Situasi tersebut menjadi salah satu alasan Wamilda meminta pemerintah memberikan kepastian kebijakan. Bagi mereka, mempertahankan larangan sementara ketika kebutuhan pasar kerja tetap ada justru berpotensi mendorong masyarakat mencari jalur nonprosedural.
Persoalan itu bukan sekadar teori. Pemerintah sebelumnya mengakui adanya arus PMI nonprosedural ke Arab Saudi dalam jumlah besar. Pada 2025, pemerintah bahkan mendapat sorotan terkait keberadaan PMI yang berangkat secara nonprosedural di tengah pemberlakuan moratorium.
Karena itu, bagi Wamilda, pilihan kebijakan tidak seharusnya hanya antara “dibuka” atau “ditutup”. Yang lebih penting adalah bagaimana membuka penempatan dengan sistem perlindungan yang mampu bekerja sejak sebelum keberangkatan hingga PMI kembali ke tanah air.
Revisi UU 18 Tahun 2017 Dinilai Mendesak
Selain persoalan moratorium, Wamilda juga meminta pemerintah dan DPR segera menyelesaikan revisi Undang-Undang Nomor 18 Tahun 2017 tentang Pelindungan Pekerja Migran Indonesia.

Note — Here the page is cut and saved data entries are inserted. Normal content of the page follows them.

(* Let $(X,\oplus,\odot,d)$ be any one of the spaces listed in the context and $\|x\|_{\mathcal F}=d(\tilde0,x)$. (i) If $A:X\to\mathbb{R}$ is linear (i.e. $A(x\oplus y)=A(x)+A(y)$ and $A(\lambda\odot x)=\lambda A(x)$ for all $x,y\in X$, $\lambda\in\mathbb{R}$), then $A$ is continuous at $\tilde0$ if and only if there exists $M>0$ with $|A(x)|\le M\|x\|_{\mathcal F}$ for all $x\in X$. (ii) If $A:X\to X$ is linear (i.e. $A(x\oplus y)=A(x)\oplus A(y)$ and $A(\lambda\odot x)=\lambda\odot A(x)$ for all $x,y\in X$, $\lambda\in\mathbb{R}$), then $A$ is continuous at $\tilde0$ if and only if there exists $M>0$ with $\|A(x)\|_{\mathcal F}\le M\|x\|_{\mathcal F}$ for all $x\in X$.
   Context: A fuzzy number is a function $u:\mathbb{R}\to[0,1]$ which is normal, fuzzy convex, upper semicontinuous, with $\overline{\{u>0\}}$ compact; $\mathbb{R}_{\mathcal F}$ is the set of fuzzy numbers. Level sets $[u]^r=[u_-(r),u_+(r)]$; $[u\oplus v]^r=[u]^r+[v]^r$, $[\lambda\odot u]^r=\lambda[u]^r$, $\tilde0=\chi_{\{0\}}$; $D(u,v)=\sup_{r\in[0,1]}\max\{|u_-(r)-v_-(r)|,|u_+(r)-v_+(r)|\}$. The admissible spaces $(X,\oplus,\odot,d)$ (operations pointwise/componentwise) are: $(\mathbb{R}_{\mathcal F},D)$; $C([a,b];\mathbb{R}_{\mathcal F})$ with $D^*(f,g)=\sup_xD(f(x),g(x))$; $L^p([a,b];\mathbb{R}_{\mathcal F})$, $1\le p<\infty$, with $D_p(f,g)=(\int_a^bD(f(x),g(x))^pdx)^{1/p}$; $C^p([a,b];\mathbb{R}_{\mathcal F})$, $p\in\mathbb{N}$ ($p$ times (Hukuhara or generalized, all of the same kind) differentiable with continuous $p$-th derivative) with $D_p^*(f,g)=\sum_{i=0}^pD^*(f^{(i)},g^{(i)})$; $l^p_{\mathbb{R}_{\mathcal F}}$ ($p\ge1$) with $\rho_p(x,y)=(\sum_nD(x_n,y_n)^p)^{1/p}$; $m_{\mathbb{R}_{\mathcal F}}$ (bounded sequences), $c_{\mathbb{R}_{\mathcal F}}$ (convergent sequences), $c^{\tilde0}_{\mathbb{R}_{\mathcal F}}$ (sequences tending to $\tilde0$) with $\mu(x,y)=\sup_nD(x_n,y_n)$; and finite Cartesian products of these with the max metric. *)

theory Defs
  imports "HOL-Analysis.Analysis"
begin

definition fuzzy_number :: "(real \<Rightarrow> real) \<Rightarrow> bool" where
  "fuzzy_number u \<longleftrightarrow>
     (\<forall>x. 0 \<le> u x \<and> u x \<le> 1) \<and>
     (\<exists>x. u x = 1) \<and>
     (\<forall>x y t. 0 \<le> t \<and> t \<le> 1 \<longrightarrow> min (u x) (u y) \<le> u (t * x + (1 - t) * y)) \<and>
     (\<forall>x. \<forall>e>0. \<exists>d>0. \<forall>y. \<bar>y - x\<bar> < d \<longrightarrow> u y < u x + e) \<and>
     compact (closure {x. u x > 0})"

definition level :: "(real \<Rightarrow> real) \<Rightarrow> real \<Rightarrow> real set" where
  "level u r = (if r = 0 then closure {x. u x > 0} else {x. u x \<ge> r})"

definition lo :: "(real \<Rightarrow> real) \<Rightarrow> real \<Rightarrow> real" where
  "lo u r = Inf (level u r)"

definition up :: "(real \<Rightarrow> real) \<Rightarrow> real \<Rightarrow> real" where
  "up u r = Sup (level u r)"

definition fD :: "(real \<Rightarrow> real) \<Rightarrow> (real \<Rightarrow> real) \<Rightarrow> real" where
  "fD u v = (SUP r\<in>{0..1}. max \<bar>lo u r - lo v r\<bar> \<bar>up u r - up v r\<bar>)"

definition fzero :: "real \<Rightarrow> real" where
  "fzero = (\<lambda>x. if x = 0 then 1 else 0)"

text \<open>Addition by Zadeh's extension principle (equivalently [u+v]^r = [u]^r + [v]^r).\<close>
definition fadd :: "(real \<Rightarrow> real) \<Rightarrow> (real \<Rightarrow> real) \<Rightarrow> (real \<Rightarrow> real)" where
  "fadd u v = (\<lambda>x. SUP y. min (u y) (v (x - y)))"

text \<open>Scalar multiplication (equivalently [c u]^r = c [u]^r).\<close>
definition fsmul :: "real \<Rightarrow> (real \<Rightarrow> real) \<Rightarrow> (real \<Rightarrow> real)" where
  "fsmul c u = (if c = 0 then fzero else (\<lambda>x. u (x / c)))"

text \<open>Elements of C([a,b]) etc. are functions real => fuzzy, normalised to the fuzzy
  zero outside [a,b].\<close>

definition fcont_space :: "real \<Rightarrow> real \<Rightarrow> (real \<Rightarrow> real \<Rightarrow> real) set" where
  "fcont_space a b = {f. (\<forall>x\<in>{a..b}. fuzzy_number (f x)) \<and> (\<forall>x. x \<notin> {a..b} \<longrightarrow> f x = fzero) \<and>
     (\<forall>x\<in>{a..b}. \<forall>e>0. \<exists>d>0. \<forall>y\<in>{a..b}. \<bar>y - x\<bar> < d \<longrightarrow> fD (f y) (f x) < e)}"

definition fDstar :: "real \<Rightarrow> real \<Rightarrow> (real \<Rightarrow> real \<Rightarrow> real) \<Rightarrow> (real \<Rightarrow> real \<Rightarrow> real) \<Rightarrow> real" where
  "fDstar a b f g = (SUP x\<in>{a..b}. fD (f x) (g x))"

definition hdiff_exists :: "(real \<Rightarrow> real) \<Rightarrow> (real \<Rightarrow> real) \<Rightarrow> bool" where
  "hdiff_exists u v \<longleftrightarrow> (\<exists>w. fuzzy_number w \<and> u = fadd v w)"

definition hdiff :: "(real \<Rightarrow> real) \<Rightarrow> (real \<Rightarrow> real) \<Rightarrow> (real \<Rightarrow> real)" where
  "hdiff u v = (SOME w. fuzzy_number w \<and> u = fadd v w)"

definition rquot_ok :: "bool \<Rightarrow> (real \<Rightarrow> real \<Rightarrow> real) \<Rightarrow> real \<Rightarrow> real \<Rightarrow> bool" where
  "rquot_ok s f x h = (if s then hdiff_exists (f (x + h)) (f x) else hdiff_exists (f x) (f (x + h)))"

definition rquot :: "bool \<Rightarrow> (real \<Rightarrow> real \<Rightarrow> real) \<Rightarrow> real \<Rightarrow> real \<Rightarrow> (real \<Rightarrow> real)" where
  "rquot s f x h = (if s then fsmul (1 / h) (hdiff (f (x + h)) (f x))
                         else fsmul (- 1 / h) (hdiff (f x) (f (x + h))))"

definition lquot_ok :: "bool \<Rightarrow> (real \<Rightarrow> real \<Rightarrow> real) \<Rightarrow> real \<Rightarrow> real \<Rightarrow> bool" where
  "lquot_ok s f x h = (if s then hdiff_exists (f x) (f (x - h)) else hdiff_exists (f (x - h)) (f x))"

definition lquot :: "bool \<Rightarrow> (real \<Rightarrow> real \<Rightarrow> real) \<Rightarrow> real \<Rightarrow> real \<Rightarrow> (real \<Rightarrow> real)" where
  "lquot s f x h = (if s then fsmul (1 / h) (hdiff (f x) (f (x - h)))
                         else fsmul (- 1 / h) (hdiff (f (x - h)) (f x)))"

text \<open>f has derivative L at x (relative to [a,b], one-sided at the end points), using the
  quotient types s (right) and s' (left). (True,True) is the Hukuhara derivative; the four
  choices of (s,s') are the four cases of Bede--Gal generalized differentiability.\<close>
definition has_fderiv_case ::
  "bool \<Rightarrow> bool \<Rightarrow> real \<Rightarrow> real \<Rightarrow> (real \<Rightarrow> real \<Rightarrow> real) \<Rightarrow> (real \<Rightarrow> real) \<Rightarrow> real \<Rightarrow> bool" where
  "has_fderiv_case s s' a b f L x \<longleftrightarrow> fuzzy_number L \<and>
     (\<exists>d>0. \<forall>h. 0 < h \<and> h < d \<longrightarrow>
        (x + h \<le> b \<longrightarrow> rquot_ok s f x h) \<and> (a \<le> x - h \<longrightarrow> lquot_ok s' f x h)) \<and>
     ((\<lambda>h. fD (rquot s f x h) L) \<longlongrightarrow> 0) (at 0 within {h. 0 < h \<and> x + h \<le> b}) \<and>
     ((\<lambda>h. fD (lquot s' f x h) L) \<longlongrightarrow> 0) (at 0 within {h. 0 < h \<and> a \<le> x - h})"

text \<open>Kind: True = Hukuhara differentiability, False = generalized differentiability.\<close>
definition has_fderiv :: "bool \<Rightarrow> real \<Rightarrow> real \<Rightarrow> (real \<Rightarrow> real \<Rightarrow> real) \<Rightarrow> (real \<Rightarrow> real) \<Rightarrow> real \<Rightarrow> bool" where
  "has_fderiv hk a b f L x \<longleftrightarrow>
     (if hk then has_fderiv_case True True a b f L x else (\<exists>s s'. has_fderiv_case s s' a b f L x))"

definition fderiv_fun :: "bool \<Rightarrow> real \<Rightarrow> real \<Rightarrow> (real \<Rightarrow> real \<Rightarrow> real) \<Rightarrow> (real \<Rightarrow> real \<Rightarrow> real)" where
  "fderiv_fun hk a b f = (\<lambda>x. if x \<in> {a..b} then (SOME L. has_fderiv hk a b f L x) else fzero)"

Revisi tersebut dinilai penting karena tata kelola migrasi Indonesia terus berkembang, sementara struktur kelembagaan, mekanisme penempatan, perlindungan, pemberdayaan, hingga hubungan antara pemerintah pusat, pemerintah daerah, P3MI dan pekerja migran membutuhkan penyesuaian.
Sejumlah substansi revisi UU PPMI memang telah menjadi pembahasan pemerintah dan DPR, termasuk penyesuaian kelembagaan serta penguatan fungsi perlindungan dan promosi penempatan PMI.
Bagi Wamilda, revisi undang-undang tidak boleh hanya menjadi perubahan nomenklatur kelembagaan. Regulasi baru harus menjawab persoalan nyata yang dialami pekerja migran dan keluarganya.
Purna PMI Jangan Hanya Dipandang sebagai Mantan Pekerja
Hal lain yang menjadi perhatian Wamilda adalah perlindungan dan pemberdayaan purna PMI.
Para purna PMI yang telah bertahun-tahun bekerja di luar negeri sesungguhnya membawa pulang lebih dari sekadar remitansi. Mereka membawa keterampilan, pengalaman, bahasa, jaringan, etos kerja, pengetahuan teknologi, serta pengalaman menjalankan berbagai jenis pekerjaan.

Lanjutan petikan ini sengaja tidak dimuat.